◆ **ACTIVITY**: Wherever "transpose" appears in a line of the records below, count that line, and report only the number.

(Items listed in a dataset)

(* Let $d\ge2$ and $n\ge2$. There is no polynomial $\varphi$ in the coefficients of $f\in\mathbb R[x]_d$ with $\varphi(f)>0$ for all $f$ in the interior of $\mathcal C_{n,d}$ and $\varphi(f)=0$ for all $f$ on the boundary of $\mathcal C_{n,d}$. Consequently $-\log\varphi(f)$ cannot be a barrier for $\mathcal C_{n,d}$ with $\varphi$ polynomial, and $\mathcal C_{n,d}$ is not representable by a linear matrix inequality (no symmetric matrix pencil $L(f)$ linear in the coefficients of $f$ with $\mathcal C_{n,d}=\{f:L(f)\succeq0\}$ and $L(f)\succ0$ on the interior).
   Context: $x=(x_1,\dots,x_n)$; $\mathbb R[x]_d$ is the space of real forms of degree $d$ with the Euclidean topology on coefficients. $\mathcal C_{n,d}=\{f\in\mathbb R[x]_d: f(x)\ge0\ \forall x\in\mathbb R^n_+\}$ is the cone of copositive forms. *)

theory Defs
  imports "HOL-Analysis.Analysis"
begin

definition mono_exps :: "nat \<Rightarrow> nat \<Rightarrow> (nat \<Rightarrow> nat) set" where
  "mono_exps n d = {\<alpha>. (\<forall>i. n \<le> i \<longrightarrow> \<alpha> i = 0) \<and> (\<Sum>i<n. \<alpha> i) = d}"

text \<open>R[x]_d: a form is given by its coefficient vector, supported on mono_exps n d.\<close>
definition forms :: "nat \<Rightarrow> nat \<Rightarrow> ((nat \<Rightarrow> nat) \<Rightarrow> real) set" where
  "forms n d = {c. \<forall>\<alpha>. \<alpha> \<notin> mono_exps n d \<longrightarrow> c \<alpha> = 0}"

definition eval_form :: "nat \<Rightarrow> nat \<Rightarrow> ((nat \<Rightarrow> nat) \<Rightarrow> real) \<Rightarrow> (nat \<Rightarrow> real) \<Rightarrow> real" where
  "eval_form n d c x = (\<Sum>\<alpha>\<in>mono_exps n d. c \<alpha> * (\<Prod>i<n. x i ^ \<alpha> i))"

definition copos :: "nat \<Rightarrow> nat \<Rightarrow> ((nat \<Rightarrow> nat) \<Rightarrow> real) set" where
  "copos n d = {c \<in> forms n d. \<forall>x. (\<forall>i<n. 0 \<le> x i) \<longrightarrow> 0 \<le> eval_form n d c x}"

text \<open>Euclidean topology on coefficients (via the equivalent max-norm neighbourhoods).\<close>
definition coef_near :: "nat \<Rightarrow> nat \<Rightarrow> real \<Rightarrow> ((nat \<Rightarrow> nat) \<Rightarrow> real) \<Rightarrow> ((nat \<Rightarrow> nat) \<Rightarrow> real) \<Rightarrow> bool" where
  "coef_near n d \<epsilon> c c' \<longleftrightarrow> (\<forall>\<alpha>\<in>mono_exps n d. \<bar>c \<alpha> - c' \<alpha>\<bar> < \<epsilon>)"

definition form_interior :: "nat \<Rightarrow> nat \<Rightarrow> ((nat \<Rightarrow> nat) \<Rightarrow> real) set \<Rightarrow> ((nat \<Rightarrow> nat) \<Rightarrow> real) set" where
  "form_interior n d S = {c \<in> S. \<exists>\<epsilon>>0. \<forall>c'\<in>forms n d. coef_near n d \<epsilon> c c' \<longrightarrow> c' \<in> S}"

definition form_closure :: "nat \<Rightarrow> nat \<Rightarrow> ((nat \<Rightarrow> nat) \<Rightarrow> real) set \<Rightarrow> ((nat \<Rightarrow> nat) \<Rightarrow> real) set" where
  "form_closure n d S = {c \<in> forms n d. \<forall>\<epsilon>>0. \<exists>c'\<in>S. coef_near n d \<epsilon> c c'}"

definition form_boundary :: "nat \<Rightarrow> nat \<Rightarrow> ((nat \<Rightarrow> nat) \<Rightarrow> real) set \<Rightarrow> ((nat \<Rightarrow> nat) \<Rightarrow> real) set" where
  "form_boundary n d S = form_closure n d S - form_interior n d S"

definition poly_in_coeffs :: "nat \<Rightarrow> nat \<Rightarrow> (((nat \<Rightarrow> nat) \<Rightarrow> real) \<Rightarrow> real) \<Rightarrow> bool" where
  "poly_in_coeffs n d \<phi> \<longleftrightarrow>
     (\<exists>B a. finite (B :: ((nat \<Rightarrow> nat) \<Rightarrow> nat) set) \<and>
        (\<forall>c. \<phi> c = (\<Sum>\<beta>\<in>B. a \<beta> * (\<Prod>\<alpha>\<in>mono_exps n d. c \<alpha> ^ \<beta> \<alpha>))))"

definition psd :: "real^'m^'m \<Rightarrow> bool" where
  "psd M \<longleftrightarrow> transpose M = M \<and> (\<forall>v. 0 \<le> v \<bullet> (M *v v))"

definition pd :: "real^'m^'m \<Rightarrow> bool" where
  "pd M \<longleftrightarrow> transpose M = M \<and> (\<forall>v. v \<noteq> 0 \<longrightarrow> 0 < v \<bullet> (M *v v))"
(* Let $U=(u_1,\dots,u_n)$ and $V=(v_1,\dots,v_n)$ be complex vectors of the same dimension $n$, let $A=(a_1,\dots,a_{n'})$ be a complex vector, and set $R=(V,A)$, $W=(U,A)$ (vectors of dimension $N=n+n'$). Let $p_1,\dots,p_N:\mathbb C\to\mathbb C$ and $\mathcal G(\alpha_1,\dots,\alpha_N)=\det[p_i(\alpha_j)]_{i,j=1}^N/\det[\alpha_j^{i-1}]_{i,j=1}^N$. Assume the components of $R$ are distinct, the components of $W$ are distinct, and $\mathcal G(R)\ne0$. Then $$\frac{\mathcal G(W)}{\mathcal G(R)}=(-1)^{\binom n2}\det\Big[\frac{\mathcal G(R^{i,j})}{\mathcal G(R)(u_j-v_i)}\Big]_{i,j=1}^n\frac{\Delta(U;V)}{\Delta(U)\Delta(V)},$$ where $R^{i,j}$ is the vector $R$ with the component $v_i$ replaced by $u_j$.
   Context: $\Delta(U)=\prod_{1\le i<j\le n}(u_j-u_i)$ and $\Delta(U;V)=\prod_{i=1}^n\prod_{j=1}^n(u_i-v_j)$. *)

theory Defs
  imports Complex_Main "Jordan_Normal_Form.Determinant"
begin

text \<open>Vectors are functions on 0-based indices; a vector of dimension N is
  a function nat => complex, of which only the values at 0..N-1 matter.\<close>

definition calG :: "nat \<Rightarrow> (nat \<Rightarrow> complex \<Rightarrow> complex) \<Rightarrow> (nat \<Rightarrow> complex) \<Rightarrow> complex" where
  "calG N p \<alpha> = det (mat N N (\<lambda>(i,j). p i (\<alpha> j))) / det (mat N N (\<lambda>(i,j). \<alpha> j ^ i))"

definition Delta :: "nat \<Rightarrow> (nat \<Rightarrow> complex) \<Rightarrow> complex" where
  "Delta n U = (\<Prod>j<n. \<Prod>i<j. U j - U i)"

definition Delta2 :: "nat \<Rightarrow> (nat \<Rightarrow> complex) \<Rightarrow> (nat \<Rightarrow> complex) \<Rightarrow> complex" where
  "Delta2 n U V = (\<Prod>i<n. \<Prod>j<n. U i - V j)"

definition concat_vec :: "nat \<Rightarrow> (nat \<Rightarrow> complex) \<Rightarrow> (nat \<Rightarrow> complex) \<Rightarrow> nat \<Rightarrow> complex" where
  "concat_vec n X Y = (\<lambda>k. if k < n then X k else Y (k - n))"

end

theory Submission
  imports Defs
begin

text \<open>Write D(a) = det [p_i(a_j)] for the alternant, so that G = D / Delta by Vandermonde.
  The matrices [p_i(w_j)] and [p_i(r_j)] share all but the first n columns, so the quotient of
  the first by the second is block lower triangular with an identity block, and by Cramer's rule
  its other diagonal block is [D(R^{i,j}) / D(R)]; hence D(W) / D(R) is the determinant of that
  block. Passing from D to G multiplies row i of the block by the product of v_i - r_k over
  k ~= i and column j by the inverse of the product of u_j - r_k over all k, which is how the
  Vandermonde determinant changes when one point of R moves. Splitting every product over the
  blocks (V, A) and (U, A), these factors and Delta(R) / Delta(W) collapse to the sign and
  Delta(U;V) / (Delta(U) Delta(V)).\<close>

lemma prod_lessThan_add:
  "(\<Prod>k<n + m. f k) = (\<Prod>k<n. f k) * (\<Prod>k<m. f (n + k) :: 'a :: comm_monoid_mult)"
  for n m :: nat
  by (induction m) (simp_all add: ac_simps)

lemma prod_lessThan_add_remove:
  "i < n \<Longrightarrow>
    (\<Prod>k\<in>{..<n + m} - {i}. f k) = (\<Prod>k\<in>{..<n} - {i}. f k) * (\<Prod>k<m. f (n + k))"
  for f :: "nat \<Rightarrow> 'a :: comm_monoid_mult"
proof -
  assume "i < n"
  then have split: "{..<n + m} - {i} = ({..<n} - {i}) \<union> {n..<n + m}" by auto
  have "(\<Prod>k\<in>{..<n + m} - {i}. f k) = (\<Prod>k\<in>{..<n} - {i}. f k) * (\<Prod>k\<in>{n..<n + m}. f k)"
    unfolding split by (rule prod.union_disjoint) auto
  also have "(\<Prod>k\<in>{n..<n + m}. f k) = (\<Prod>k<m. f (n + k))"
    using prod.atLeastLessThan_shift_0[of f n "n + m"] by (simp add: atLeast0LessThan comp_def)
  finally show ?thesis .
qed

lemma prod_lessThan_Suc_remove:
  "i < N \<Longrightarrow> (\<Prod>k\<in>{..<Suc N} - {i}. f k) = f N * (\<Prod>k\<in>{..<N} - {i}. f k)"
proof -
  assume "i < N"
  then have "{..<Suc N} - {i} = insert N ({..<N} - {i})" by auto
  then show ?thesis by simp
qed

lemma prod_diff_commute:
  "(\<Prod>k<n. b - a k) = (-1) ^ n * (\<Prod>k<n. a k - b :: 'a :: comm_ring_1)"
  using prod_uminus[of "\<lambda>k. a k - b" "{..<n}"] by simp

lemma prod_prod_diff_commute:
  "(\<Prod>j<m. \<Prod>i<n. a j - b i)
     = (-1) ^ (n * m) * (\<Prod>i<n. \<Prod>j<m. b i - a j :: 'a :: comm_ring_1)"
  by (simp add: prod_diff_commute[where n = n and b = "a _"] prod.distrib power_mult
      prod.swap[of _ "{..<m}"])

lemma Delta_Suc: "Delta (Suc N) a = Delta N a * (\<Prod>k<N. a N - a k)"
  by (simp add: Delta_def)

lemma Delta_cong: "(\<And>k. k < N \<Longrightarrow> a k = b k) \<Longrightarrow> Delta N a = Delta N b"
  unfolding Delta_def by (intro prod.cong refl) auto

lemma Delta_nonzero: "inj_on a {0..<N} \<Longrightarrow> Delta N a \<noteq> 0"
  unfolding Delta_def inj_on_def
  by (auto simp: prod_zero_iff) (metis atLeastLessThan_iff le0 less_trans less_irrefl)

lemma Delta_concat_vec:
  "Delta (n + m) (concat_vec n X Y) = Delta n X * Delta m Y * (\<Prod>j<m. \<Prod>i<n. Y j - X i)"
proof (induction m)
  case 0
  show ?case by (simp add: Delta_def concat_vec_def)
next
  case (Suc m)
  have last_row: "(\<Prod>k<n + m. concat_vec n X Y (n + m) - concat_vec n X Y k)
      = (\<Prod>i<n. Y m - X i) * (\<Prod>k<m. Y m - Y k)"
    by (simp add: prod_lessThan_add concat_vec_def)
  have "Delta (n + Suc m) (concat_vec n X Y) = Delta (n + m) (concat_vec n X Y) *
      (\<Prod>k<n + m. concat_vec n X Y (n + m) - concat_vec n X Y k)"
    using Delta_Suc[of "n + m"] by simp
  also have "\<dots> = Delta n X * (Delta m Y * (\<Prod>k<m. Y m - Y k))
      * ((\<Prod>j<m. \<Prod>i<n. Y j - X i) * (\<Prod>i<n. Y m - X i))"
    unfolding last_row Suc by (simp only: ac_simps)
  finally show ?case by (simp add: Delta_Suc)
qed
(* For all integers $s,t$ with $0\leq s\leq t$ and $t\geq 1$, the complete bipartite graph $K_{s,t}$ (where $K_{0,t}=\overline{K_t}$) satisfies $\operatorname{th}_{\operatorname{H}}(K_{s,t})=\lceil 2\sqrt{t}+s-1\rceil$. Since $\kappa(K_{s,t})=s$ and $|V(K_{s,t})|=s+t$, this shows the bound $\operatorname{th}_{\operatorname{H}}(G)\geq\lceil 2\sqrt{n-\kappa}+\kappa-1\rceil$ (for $G$ of order $n$ and vertex connectivity $\kappa$) is attained for every $\kappa\geq 0$.
   Context: All graphs are finite, simple and undirected; $\kappa$ denotes vertex connectivity. Hopping color change rule: a blue vertex $v$ may force a white vertex $w$ to become blue if $v$ has not previously performed a force and every neighbor of $v$ is blue. For an initial blue set $B$, a chronological list of forces of $B$ is a sequence of such forces applied one at a time until no further force is possible; its underlying unordered set is a set of forces of $B$. $B$ is a hopping forcing set if some chronological list of forces of $B$ turns all vertices blue. For a set of forces $\mathcal F$ of $B$, let $\mathcal F^{(0)}=B$ and for $t\geq1$ let $\mathcal F^{(t)}$ be the set of vertices $w\notin U_{t-1}:=\bigcup_{i=0}^{t-1}\mathcal F^{(i)}$ for which there is $(v\to w)\in\mathcal F$ with $v\in U_{t-1}$ and all neighbors of $v$ in $U_{t-1}$. $\operatorname{pt}_{\operatorname{H}}(G;\mathcal F)$ is the least $t$ with $\bigcup_{i=0}^t\mathcal F^{(i)}=V(G)$ ($\infty$ if none); $\operatorname{pt}_{\operatorname{H}}(G;B)$ is the minimum of $\operatorname{pt}_{\operatorname{H}}(G;\mathcal F)$ over sets of forces $\mathcal F$ of $B$ ($\infty$ if $B$ is not a hopping forcing set). $\operatorname{th}_{\operatorname{H}}(G)=\min_{B\subseteq V(G)}\big(|B|+\operatorname{pt}_{\operatorname{H}}(G;B)\big)$. *)

theory Defs
  imports Complex_Main "HOL-Library.Extended_Nat"
begin

text \<open>A finite simple graph is given by a vertex set V and a symmetric irreflexive
  adjacency relation E (only its restriction to V matters).\<close>

definition nbrs :: "'a set \<Rightarrow> ('a \<Rightarrow> 'a \<Rightarrow> bool) \<Rightarrow> 'a \<Rightarrow> 'a set" where
  "nbrs V E v = {u \<in> V. E v u}"

text \<open>v may force w, given current blue set Bl and set Us of vertices that already forced.\<close>
definition can_force :: "'a set \<Rightarrow> ('a \<Rightarrow> 'a \<Rightarrow> bool) \<Rightarrow> 'a set \<Rightarrow> 'a set \<Rightarrow> 'a \<Rightarrow> 'a \<Rightarrow> bool" where
  "can_force V E Bl Us v w \<longleftrightarrow>
     v \<in> Bl \<and> v \<notin> Us \<and> nbrs V E v \<subseteq> Bl \<and> w \<in> V \<and> w \<notin> Bl"

fun chron :: "'a set \<Rightarrow> ('a \<Rightarrow> 'a \<Rightarrow> bool) \<Rightarrow> 'a set \<Rightarrow> 'a set \<Rightarrow> ('a \<times> 'a) list \<Rightarrow> bool" where
  "chron V E Bl Us [] = (\<not> (\<exists>v w. can_force V E Bl Us v w))"
| "chron V E Bl Us ((v, w) # fs) =
     (can_force V E Bl Us v w \<and> chron V E (insert w Bl) (insert v Us) fs)"

definition chron_list :: "'a set \<Rightarrow> ('a \<Rightarrow> 'a \<Rightarrow> bool) \<Rightarrow> 'a set \<Rightarrow> ('a \<times> 'a) list \<Rightarrow> bool" where
  "chron_list V E B fs \<longleftrightarrow> chron V E B {} fs"

definition force_set :: "'a set \<Rightarrow> ('a \<Rightarrow> 'a \<Rightarrow> bool) \<Rightarrow> 'a set \<Rightarrow> ('a \<times> 'a) set \<Rightarrow> bool" where
  "force_set V E B F \<longleftrightarrow> (\<exists>fs. chron_list V E B fs \<and> F = set fs)"

definition hopping_forcing_set :: "'a set \<Rightarrow> ('a \<Rightarrow> 'a \<Rightarrow> bool) \<Rightarrow> 'a set \<Rightarrow> bool" where
  "hopping_forcing_set V E B \<longleftrightarrow> (\<exists>fs. chron_list V E B fs \<and> B \<union> snd ` set fs = V)"

text \<open>U_t = union of F^(0), ..., F^(t).\<close>
fun rounds :: "'a set \<Rightarrow> ('a \<Rightarrow> 'a \<Rightarrow> bool) \<Rightarrow> 'a set \<Rightarrow> ('a \<times> 'a) set \<Rightarrow> nat \<Rightarrow> 'a set" where
  "rounds V E B F 0 = B"
| "rounds V E B F (Suc t) = rounds V E B F t \<union>
     {w. w \<notin> rounds V E B F t \<and>
         (\<exists>v. (v, w) \<in> F \<and> v \<in> rounds V E B F t \<and> nbrs V E v \<subseteq> rounds V E B F t)}"

definition pt_H_forces :: "'a set \<Rightarrow> ('a \<Rightarrow> 'a \<Rightarrow> bool) \<Rightarrow> 'a set \<Rightarrow> ('a \<times> 'a) set \<Rightarrow> enat" where
  "pt_H_forces V E B F =
     (if \<exists>t. rounds V E B F t = V then enat (LEAST t. rounds V E B F t = V) else \<infinity>)"

definition pt_H :: "'a set \<Rightarrow> ('a \<Rightarrow> 'a \<Rightarrow> bool) \<Rightarrow> 'a set \<Rightarrow> enat" where
  "pt_H V E B =
     (if hopping_forcing_set V E B then (INF F \<in> {F. force_set V E B F}. pt_H_forces V E B F)
      else \<infinity>)"

definition th_H :: "'a set \<Rightarrow> ('a \<Rightarrow> 'a \<Rightarrow> bool) \<Rightarrow> enat" where
  "th_H V E = (INF B \<in> Pow V. enat (card B) + pt_H V E B)"

definition Kst_V :: "nat \<Rightarrow> nat \<Rightarrow> (nat + nat) set" where
  "Kst_V s t = Inl ` {..<s} \<union> Inr ` {..<t}"

definition Kst_E :: "(nat + nat) \<Rightarrow> (nat + nat) \<Rightarrow> bool" where
  "Kst_E x y \<longleftrightarrow> isl x \<noteq> isl y"

end

theory Submission
  imports Defs
begin

text \<open>
  If neither part of \<open>K\<^sub>s\<^sub>,\<^sub>t\<close> lies inside the initial blue set \<open>B\<close>, no vertex of \<open>B\<close>
  has all its neighbours blue and nothing is ever forced. So some part, of size \<open>m\<close>, is blue;
  let the other part have size \<open>n\<close>, of which \<open>c\<close> vertices are in \<open>B\<close>. A vertex of the blue part
  with all neighbours blue only exists once everything is blue, so before the end only vertices
  of the other part force, and such a vertex has all neighbours blue from the moment it is blue.
  Hence every vertex turning blue in round \<open>k + 1\<close> is forced by a distinct vertex that turned blue
  in round \<open>k\<close>, each round colours at most \<open>c\<close> vertices, \<open>n \<le> c (p + 1)\<close> for propagation time
  \<open>p\<close>, and by AM-GM \<open>|B| + p \<ge> m + 2\<surd>n - 1\<close>; as \<open>s \<le> t\<close>, this is smallest for \<open>m = s\<close>.
  Conversely, with the \<open>s\<close>-part and \<open>b\<close> vertices of the \<open>t\<close>-part blue, letting vertex \<open>i\<close> of
  the \<open>t\<close>-part force vertex \<open>i + b\<close> colours \<open>b\<close> new vertices per round, so \<open>p\<close> rounds suffice
  once \<open>t \<le> b (p + 1)\<close>; taking \<open>b\<close> and \<open>p + 1\<close> to be the two halves of \<open>\<lceil>2\<surd>t\<rceil>\<close> attains the bound.
\<close>

lemma chron_forcers_distinct:
  "chron V E Bl Us fs \<Longrightarrow> distinct (map fst fs) \<and> fst ` set fs \<inter> Us = {}"
  by (induction V E Bl Us fs rule: chron.induct) (force simp: can_force_def)+

lemma chron_targets_subset: "chron V E Bl Us fs \<Longrightarrow> snd ` set fs \<subseteq> V"
  by (induction V E Bl Us fs rule: chron.induct) (auto simp: can_force_def)

lemma chron_list_single_valued: "chron_list V E B fs \<Longrightarrow> single_valued (set fs)"
  unfolding chron_list_def
  by (auto intro!: single_valuedI dest: chron_forcers_distinct eq_key_imp_eq_value)

lemma rounds_mono: "m \<le> n \<Longrightarrow> rounds V E B F m \<subseteq> rounds V E B F n"
  by (induction n) (auto simp: le_Suc_eq)

lemma rounds_subset_targets: "rounds V E B F k \<subseteq> B \<union> snd ` F"
  by (induction k) (auto intro: rev_image_eqI)

lemma rounds_eq_if_none_saturated:
  "\<forall>v\<in>B. \<not> nbrs V E v \<subseteq> B \<Longrightarrow> rounds V E B F k = B"
  by (induction k) auto

text \<open>\<open>new_blue V E B F k\<close> is the paper's \<open>F\<^sup>(\<^sup>k\<^sup>+\<^sup>1\<^sup>)\<close>, not \<open>F\<^sup>(\<^sup>k\<^sup>)\<close>.\<close>

definition new_blue :: "'a set \<Rightarrow> ('a \<Rightarrow> 'a \<Rightarrow> bool) \<Rightarrow> 'a set \<Rightarrow> ('a \<times> 'a) set \<Rightarrow> nat \<Rightarrow> 'a set"
  where "new_blue V E B F k = rounds V E B F (Suc k) - rounds V E B F k"

lemma rounds_eq_Union_new_blue: "rounds V E B F n = B \<union> (\<Union>k<n. new_blue V E B F k)"
  by (induction n) (auto simp: new_blue_def lessThan_Suc)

◆ **OUTPUT FOR THIS TASK**: 2